How to treat Back Problems in Dogs
Back problems are common in long-bodied dogs like the Dachshund. Their backs provide relatively little support for their spines, which can make them more prone to injuries, such as herniated disks and subluxations. Any back problem is potentially serious, and can be recognized by the following symptoms: hunching of shoulders, neck or back; trouble moving; crying when being petted or when picked up; limping; or wobbly back-end. Except in the most serious cases, natural remedies can slow the progression of these back problems and relieve the pain.
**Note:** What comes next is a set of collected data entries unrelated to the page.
lemma quad_S_error_AM_GM:
  fixes f f' :: "real \<Rightarrow> real"
  assumes "a < b" and "n \<ge> 1" and ac: "abs_cont_on f a b" and "negligible N"
    and deriv: "\<And>x. x \<in> {a..b} - N \<Longrightarrow> (f has_real_derivative f' x) (at x)"
    and f2: "(\<lambda>t. (f' t)\<^sup>2) integrable_on {a..b}" and "\<alpha> > 0"
  shows "\<bar>integral {a..b} f - quad_S f a b n\<bar>
    \<le> (\<alpha> * ((b - a) ^ 3 / (48 * (real n)\<^sup>2)) + integral {a..b} (\<lambda>t. (f' t - c)\<^sup>2) / \<alpha>) / 2"
proof -
  define h where "h = (b - a) / n"
  define x where "x i = a + real i * h" for i
  define W where "W u w = integral {u..w} (\<lambda>t. (f' t - c)\<^sup>2)" for u w
  have step: "x (Suc i) - x i = h" for i
    unfolding x_def by (simp add: algebra_simps)
  have "h > 0"
    using assms(1,2) unfolding h_def by simp
  then have "mono x"
    unfolding x_def by (intro monoI) simp
  have "x 0 = a" "x n = b"
    using assms(2) unfolding x_def h_def by simp_all
  have cell: "a \<le> x i" "x i \<le> x (Suc i)" "x (Suc i) \<le> b" if "i < n" for i
    using monoD[OF \<open>mono x\<close>, of 0 i] monoD[OF \<open>mono x\<close>, of i "Suc i"] monoD[OF \<open>mono x\<close>, of "Suc i" n] that
    unfolding \<open>x 0 = a\<close> \<open>x n = b\<close> by auto
  have "(f' has_integral (f b - f a)) {a..b}"
    using fundamental_theorem_of_calculus_abs_cont[OF _ ac \<open>negligible N\<close> deriv] \<open>a < b\<close> by simp
  then have "(\<lambda>t. (f' t - c)\<^sup>2) integrable_on {a..b}"
    using square_diff_const_integrable_on[of "{a..b}" f'] f2 by blast
  then have W_sum: "W a b = (\<Sum>i<n. W (x i) (x (Suc i)))"
    using integral_combine_mono_partition[OF \<open>mono x\<close>, of "\<lambda>t. (f' t - c)\<^sup>2" n]
    unfolding W_def \<open>x 0 = a\<close> \<open>x n = b\<close> by simp
  have "integral {a..b} f = (\<Sum>i<n. integral {x i..x (Suc i)} f)"
    using integral_combine_mono_partition[OF \<open>mono x\<close>, of f n]
      integrable_continuous_real[OF abs_cont_on_imp_continuous_on[OF ac]]
    unfolding \<open>x 0 = a\<close> \<open>x n = b\<close> by simp
  moreover have "quad_S f a b n = (\<Sum>i<n. quarter_point_rule f (x i) (x (Suc i)))"
    unfolding quad_S_eq_sum_quarter_point_rule x_def h_def ..
  ultimately have "\<bar>integral {a..b} f - quad_S f a b n\<bar>
      \<le> (\<Sum>i<n. \<bar>integral {x i..x (Suc i)} f - quarter_point_rule f (x i) (x (Suc i))\<bar>)"
    by (simp add: sum_subtractf[symmetric] sum_abs)
  also have "\<dots> \<le> (\<Sum>i<n. (\<alpha> * ((x (Suc i) - x i) ^ 3 / 48) + W (x i) (x (Suc i)) / \<alpha>) / 2)"
  proof (rule sum_mono)
    fix i assume "i \<in> {..<n}"
    then have "a \<le> x i" "x i \<le> x (Suc i)" "x (Suc i) \<le> b"
      using cell by auto
    then show "\<bar>integral {x i..x (Suc i)} f - quarter_point_rule f (x i) (x (Suc i))\<bar>
        \<le> (\<alpha> * ((x (Suc i) - x i) ^ 3 / 48) + W (x i) (x (Suc i)) / \<alpha>) / 2"
      unfolding W_def
      by (intro quarter_point_rule_error_bound[OF _ abs_cont_on_subinterval[OF ac] \<open>negligible N\<close> _
            integrable_subinterval_real[OF f2] \<open>\<alpha> > 0\<close>]) (auto intro: deriv)
  qed
  also have "\<dots> = (real n * (\<alpha> * (h ^ 3 / 48)) + W a b / \<alpha>) / 2"
    unfolding step W_sum by (simp add: sum.distrib add_divide_distrib sum_divide_distrib[symmetric])
  also have "real n * (\<alpha> * (h ^ 3 / 48)) = \<alpha> * ((b - a) ^ 3 / (48 * (real n)\<^sup>2))"
    using assms(2) unfolding h_def by (simp add: power3_eq_cube power2_eq_square)
  finally show ?thesis
    unfolding W_def .
qed

lemma integral_square_diff_mean:
  fixes g :: "real \<Rightarrow> real"
  assumes "a < b" and "(g has_integral D) {a..b}" and "(\<lambda>t. (g t)\<^sup>2) integrable_on {a..b}"
  shows "integral {a..b} (\<lambda>t. (g t - D / (b - a))\<^sup>2) = integral {a..b} (\<lambda>t. (g t)\<^sup>2) - D\<^sup>2 / (b - a)"
proof -
  define c where "c = D / (b - a)"
  have "((\<lambda>t. (g t)\<^sup>2 - 2 * c * g t + c\<^sup>2) has_integral
      integral {a..b} (\<lambda>t. (g t)\<^sup>2) - 2 * c * D + c\<^sup>2 * (b - a)) {a..b}"
    using assms(2,3) has_integral_const_real[of "c\<^sup>2" a b] \<open>a < b\<close>
    by (intro has_integral_add has_integral_diff has_integral_mult_right) (auto simp: mult.commute)
  moreover have "(\<lambda>t. (g t)\<^sup>2 - 2 * c * g t + c\<^sup>2) = (\<lambda>t. (g t - c)\<^sup>2)"
    by (simp add: fun_eq_iff power2_eq_square algebra_simps)
  moreover have "2 * c * D = 2 * (D\<^sup>2 / (b - a))" "c\<^sup>2 * (b - a) = D\<^sup>2 / (b - a)"
    using \<open>a < b\<close> unfolding c_def by (simp_all add: power2_eq_square)
  ultimately show ?thesis
    unfolding c_def[symmetric] by (simp add: integral_unique)
qed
Massage away the trigger points. When a dog has a back problem, nature has a method of stabilizing it. The muscles surrounding the affected area go into spams to protect it while it heals. These spasms are painful, and don't always stop when the problem is healed: They sometimes continue for weeks, months and even years. To provide release and relief, feel along the side of the dog's spine. Use little circular motions to search for small knots. Once you've located the knots, press on each spot with your finger or knuckle (depending upon the size of the dog). Anywhere from 10 seconds to two minutes of pressure should create a release, allowing the muscle to relax. Repeat daily.
To relieve temporary pain and inflammation, treat it with ice. (This is usually for new injuries, not a chronic condition.) Apply a cold pack for 10 to 20 minutes. Your pet will tell you when it has had enough, so don't worry about overdoing it.
If the back problem is long-term and unaccompanied by inflammation, a hot pack or heating pad will relax muscles and relieve painful stiffness. Both heat and cold can be applied three times per day. If the problem persists longer than three days, see your vet.
Protect joints and connective tissue. Glucosamine can heal the tissue fibers between the vertebrae. Cats can have 3 to 4mg of glucosamine per pound of body weight per day. Dogs under 15 pounds can have 5mg per pound, and larger dogs can have up to 15mg per pound per day.
Watch your dog's weight. Extra pounds put extra pressure on the spine. Keep your pet's body weight at an idea level for a healthy, happy animal.
Keep the dog moving. Most vets will recommend that pets with back problems stay immobile until it heals. But holistic vets recommend short, easy walks to keep in shape the muscles that surround the back and hold it in place. A 5-minute walk three times per week is a good start.